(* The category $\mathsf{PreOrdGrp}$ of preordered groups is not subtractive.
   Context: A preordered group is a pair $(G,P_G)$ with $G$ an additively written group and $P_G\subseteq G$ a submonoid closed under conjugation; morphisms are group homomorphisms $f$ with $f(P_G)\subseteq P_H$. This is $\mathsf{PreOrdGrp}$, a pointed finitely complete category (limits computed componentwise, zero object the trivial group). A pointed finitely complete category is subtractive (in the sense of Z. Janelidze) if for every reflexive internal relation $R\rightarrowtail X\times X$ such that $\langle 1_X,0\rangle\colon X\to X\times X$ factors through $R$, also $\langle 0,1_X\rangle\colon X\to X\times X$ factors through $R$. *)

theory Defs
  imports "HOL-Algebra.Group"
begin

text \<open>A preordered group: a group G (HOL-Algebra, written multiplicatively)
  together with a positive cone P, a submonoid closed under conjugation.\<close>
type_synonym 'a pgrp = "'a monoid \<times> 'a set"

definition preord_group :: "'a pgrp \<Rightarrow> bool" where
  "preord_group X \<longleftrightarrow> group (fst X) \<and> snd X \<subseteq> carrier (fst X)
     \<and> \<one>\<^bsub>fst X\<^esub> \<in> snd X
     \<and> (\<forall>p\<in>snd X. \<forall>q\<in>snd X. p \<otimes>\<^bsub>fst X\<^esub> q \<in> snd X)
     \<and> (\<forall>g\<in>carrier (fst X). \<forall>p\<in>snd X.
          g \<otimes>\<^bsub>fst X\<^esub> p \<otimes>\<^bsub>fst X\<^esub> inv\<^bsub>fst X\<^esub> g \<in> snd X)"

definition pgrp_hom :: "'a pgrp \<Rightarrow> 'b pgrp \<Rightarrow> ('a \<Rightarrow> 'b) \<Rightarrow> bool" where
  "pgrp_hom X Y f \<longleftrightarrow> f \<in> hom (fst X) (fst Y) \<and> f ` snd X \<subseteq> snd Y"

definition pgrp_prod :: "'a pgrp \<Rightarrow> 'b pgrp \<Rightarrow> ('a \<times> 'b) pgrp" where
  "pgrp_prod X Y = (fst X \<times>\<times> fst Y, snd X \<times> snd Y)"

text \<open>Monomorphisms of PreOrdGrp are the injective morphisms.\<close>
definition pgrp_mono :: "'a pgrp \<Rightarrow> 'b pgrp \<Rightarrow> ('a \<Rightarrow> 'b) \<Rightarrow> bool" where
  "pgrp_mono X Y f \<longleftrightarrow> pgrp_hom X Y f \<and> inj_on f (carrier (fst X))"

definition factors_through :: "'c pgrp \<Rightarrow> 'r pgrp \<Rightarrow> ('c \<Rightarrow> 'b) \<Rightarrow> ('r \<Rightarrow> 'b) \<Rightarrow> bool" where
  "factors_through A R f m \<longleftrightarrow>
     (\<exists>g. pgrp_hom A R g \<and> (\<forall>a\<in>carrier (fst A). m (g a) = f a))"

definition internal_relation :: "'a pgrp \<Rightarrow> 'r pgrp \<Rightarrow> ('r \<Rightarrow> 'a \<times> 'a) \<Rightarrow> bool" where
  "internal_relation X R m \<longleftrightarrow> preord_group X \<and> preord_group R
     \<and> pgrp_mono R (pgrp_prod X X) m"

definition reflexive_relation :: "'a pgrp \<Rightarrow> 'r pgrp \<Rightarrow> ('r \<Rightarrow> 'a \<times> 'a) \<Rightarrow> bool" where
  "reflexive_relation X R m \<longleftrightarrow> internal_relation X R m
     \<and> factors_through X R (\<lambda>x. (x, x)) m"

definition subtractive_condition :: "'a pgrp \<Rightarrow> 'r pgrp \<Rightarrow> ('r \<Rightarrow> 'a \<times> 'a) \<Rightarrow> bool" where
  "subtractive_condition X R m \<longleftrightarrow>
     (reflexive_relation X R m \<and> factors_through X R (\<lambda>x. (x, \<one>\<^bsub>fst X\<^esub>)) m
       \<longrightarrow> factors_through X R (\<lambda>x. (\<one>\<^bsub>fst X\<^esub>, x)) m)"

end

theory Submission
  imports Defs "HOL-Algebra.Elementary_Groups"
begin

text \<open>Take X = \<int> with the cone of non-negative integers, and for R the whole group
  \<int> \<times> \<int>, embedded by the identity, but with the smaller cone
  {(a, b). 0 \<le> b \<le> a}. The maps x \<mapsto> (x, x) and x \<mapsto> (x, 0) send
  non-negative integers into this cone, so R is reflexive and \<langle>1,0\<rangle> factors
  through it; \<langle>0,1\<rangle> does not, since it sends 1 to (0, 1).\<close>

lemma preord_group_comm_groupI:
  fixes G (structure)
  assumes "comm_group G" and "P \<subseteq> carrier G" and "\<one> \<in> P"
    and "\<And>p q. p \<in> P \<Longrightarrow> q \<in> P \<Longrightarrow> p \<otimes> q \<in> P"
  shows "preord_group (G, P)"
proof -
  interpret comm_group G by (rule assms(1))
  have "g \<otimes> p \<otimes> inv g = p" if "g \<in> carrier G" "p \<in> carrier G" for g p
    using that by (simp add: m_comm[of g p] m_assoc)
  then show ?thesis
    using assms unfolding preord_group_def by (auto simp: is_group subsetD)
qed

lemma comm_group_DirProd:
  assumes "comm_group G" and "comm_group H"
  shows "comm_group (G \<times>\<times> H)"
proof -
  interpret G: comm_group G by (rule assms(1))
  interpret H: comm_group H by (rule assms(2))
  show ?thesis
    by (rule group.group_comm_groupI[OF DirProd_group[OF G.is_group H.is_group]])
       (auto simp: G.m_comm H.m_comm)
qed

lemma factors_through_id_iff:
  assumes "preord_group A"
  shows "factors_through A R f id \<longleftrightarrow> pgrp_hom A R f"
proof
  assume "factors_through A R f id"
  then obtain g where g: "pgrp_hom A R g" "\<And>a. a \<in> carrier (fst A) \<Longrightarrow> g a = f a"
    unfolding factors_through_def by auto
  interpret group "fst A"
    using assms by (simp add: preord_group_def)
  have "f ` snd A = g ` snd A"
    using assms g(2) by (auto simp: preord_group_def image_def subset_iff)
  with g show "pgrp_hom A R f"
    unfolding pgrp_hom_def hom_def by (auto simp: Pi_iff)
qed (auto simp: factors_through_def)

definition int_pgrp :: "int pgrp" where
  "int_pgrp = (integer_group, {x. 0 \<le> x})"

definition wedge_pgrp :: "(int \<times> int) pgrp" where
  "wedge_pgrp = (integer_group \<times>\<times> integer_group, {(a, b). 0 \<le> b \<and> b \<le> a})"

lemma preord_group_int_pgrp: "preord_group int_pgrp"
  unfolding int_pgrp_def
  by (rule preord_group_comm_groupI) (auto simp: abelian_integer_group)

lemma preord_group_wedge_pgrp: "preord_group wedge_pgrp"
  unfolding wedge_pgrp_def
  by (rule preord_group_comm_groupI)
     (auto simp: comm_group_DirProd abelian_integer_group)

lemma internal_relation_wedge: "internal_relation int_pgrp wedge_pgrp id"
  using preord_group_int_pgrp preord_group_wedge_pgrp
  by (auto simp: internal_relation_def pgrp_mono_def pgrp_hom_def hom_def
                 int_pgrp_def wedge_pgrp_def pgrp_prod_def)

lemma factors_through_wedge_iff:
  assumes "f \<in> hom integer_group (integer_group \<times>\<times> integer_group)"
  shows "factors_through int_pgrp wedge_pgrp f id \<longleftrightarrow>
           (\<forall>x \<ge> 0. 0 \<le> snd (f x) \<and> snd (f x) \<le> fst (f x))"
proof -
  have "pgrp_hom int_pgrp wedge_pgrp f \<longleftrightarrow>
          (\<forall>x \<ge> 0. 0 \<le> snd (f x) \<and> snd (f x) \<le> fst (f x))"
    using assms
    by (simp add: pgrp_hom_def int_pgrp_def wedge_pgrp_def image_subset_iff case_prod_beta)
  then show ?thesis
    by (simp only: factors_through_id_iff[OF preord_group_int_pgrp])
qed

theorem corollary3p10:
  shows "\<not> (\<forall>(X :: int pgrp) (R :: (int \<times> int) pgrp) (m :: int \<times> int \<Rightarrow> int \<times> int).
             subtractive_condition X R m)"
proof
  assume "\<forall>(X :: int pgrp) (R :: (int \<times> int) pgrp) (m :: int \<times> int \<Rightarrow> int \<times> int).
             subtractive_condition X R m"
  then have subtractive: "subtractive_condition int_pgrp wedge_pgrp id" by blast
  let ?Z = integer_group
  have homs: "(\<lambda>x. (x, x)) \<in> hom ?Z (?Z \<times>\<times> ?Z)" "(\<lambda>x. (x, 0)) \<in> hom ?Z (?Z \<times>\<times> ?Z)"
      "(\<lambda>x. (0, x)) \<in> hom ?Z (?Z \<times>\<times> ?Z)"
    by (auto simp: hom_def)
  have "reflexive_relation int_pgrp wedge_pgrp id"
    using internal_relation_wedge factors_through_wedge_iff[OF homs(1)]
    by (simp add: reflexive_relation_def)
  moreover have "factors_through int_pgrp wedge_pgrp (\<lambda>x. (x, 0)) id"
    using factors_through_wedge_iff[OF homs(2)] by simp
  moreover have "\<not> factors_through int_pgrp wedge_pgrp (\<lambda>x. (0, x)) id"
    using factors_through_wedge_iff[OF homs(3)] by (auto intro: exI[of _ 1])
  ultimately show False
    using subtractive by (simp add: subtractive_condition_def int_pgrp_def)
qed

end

• • •

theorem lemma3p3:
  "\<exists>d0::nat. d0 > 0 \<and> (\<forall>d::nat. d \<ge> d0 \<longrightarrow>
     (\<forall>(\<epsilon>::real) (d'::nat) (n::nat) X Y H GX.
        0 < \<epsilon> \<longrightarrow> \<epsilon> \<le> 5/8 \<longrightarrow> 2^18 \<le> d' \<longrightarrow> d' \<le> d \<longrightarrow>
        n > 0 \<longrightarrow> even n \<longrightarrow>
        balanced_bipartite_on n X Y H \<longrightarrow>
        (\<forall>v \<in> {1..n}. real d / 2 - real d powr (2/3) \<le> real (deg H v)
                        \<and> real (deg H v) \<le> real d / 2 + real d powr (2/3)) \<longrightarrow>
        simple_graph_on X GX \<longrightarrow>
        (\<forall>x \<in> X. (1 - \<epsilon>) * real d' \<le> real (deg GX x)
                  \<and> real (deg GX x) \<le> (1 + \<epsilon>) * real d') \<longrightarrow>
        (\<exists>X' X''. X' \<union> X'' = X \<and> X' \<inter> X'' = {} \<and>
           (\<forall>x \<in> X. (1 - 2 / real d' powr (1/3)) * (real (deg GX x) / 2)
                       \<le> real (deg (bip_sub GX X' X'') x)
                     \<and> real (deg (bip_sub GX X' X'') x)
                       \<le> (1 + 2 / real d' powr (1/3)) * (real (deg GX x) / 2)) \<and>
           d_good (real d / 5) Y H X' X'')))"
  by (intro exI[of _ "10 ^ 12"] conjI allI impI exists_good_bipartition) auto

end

• • •

### Problem description
Which lines of the records above hold the word "have"? Copy each one out.

### Expected answer
  have "g \<otimes> p \<otimes> inv g = p" if "g \<in> carrier G" "p \<in> carrier G" for g p
  have "f ` snd A = g ` snd A"
  have "pgrp_hom int_pgrp wedge_pgrp f \<longleftrightarrow>
  then have subtractive: "subtractive_condition int_pgrp wedge_pgrp id" by blast
  have homs: "(\<lambda>x. (x, x)) \<in> hom ?Z (?Z \<times>\<times> ?Z)" "(\<lambda>x. (x, 0)) \<in> hom ?Z (?Z \<times>\<times> ?Z)"
  have "reflexive_relation int_pgrp wedge_pgrp id"
  moreover have "factors_through int_pgrp wedge_pgrp (\<lambda>x. (x, 0)) id"
  moreover have "\<not> factors_through int_pgrp wedge_pgrp (\<lambda>x. (0, x)) id"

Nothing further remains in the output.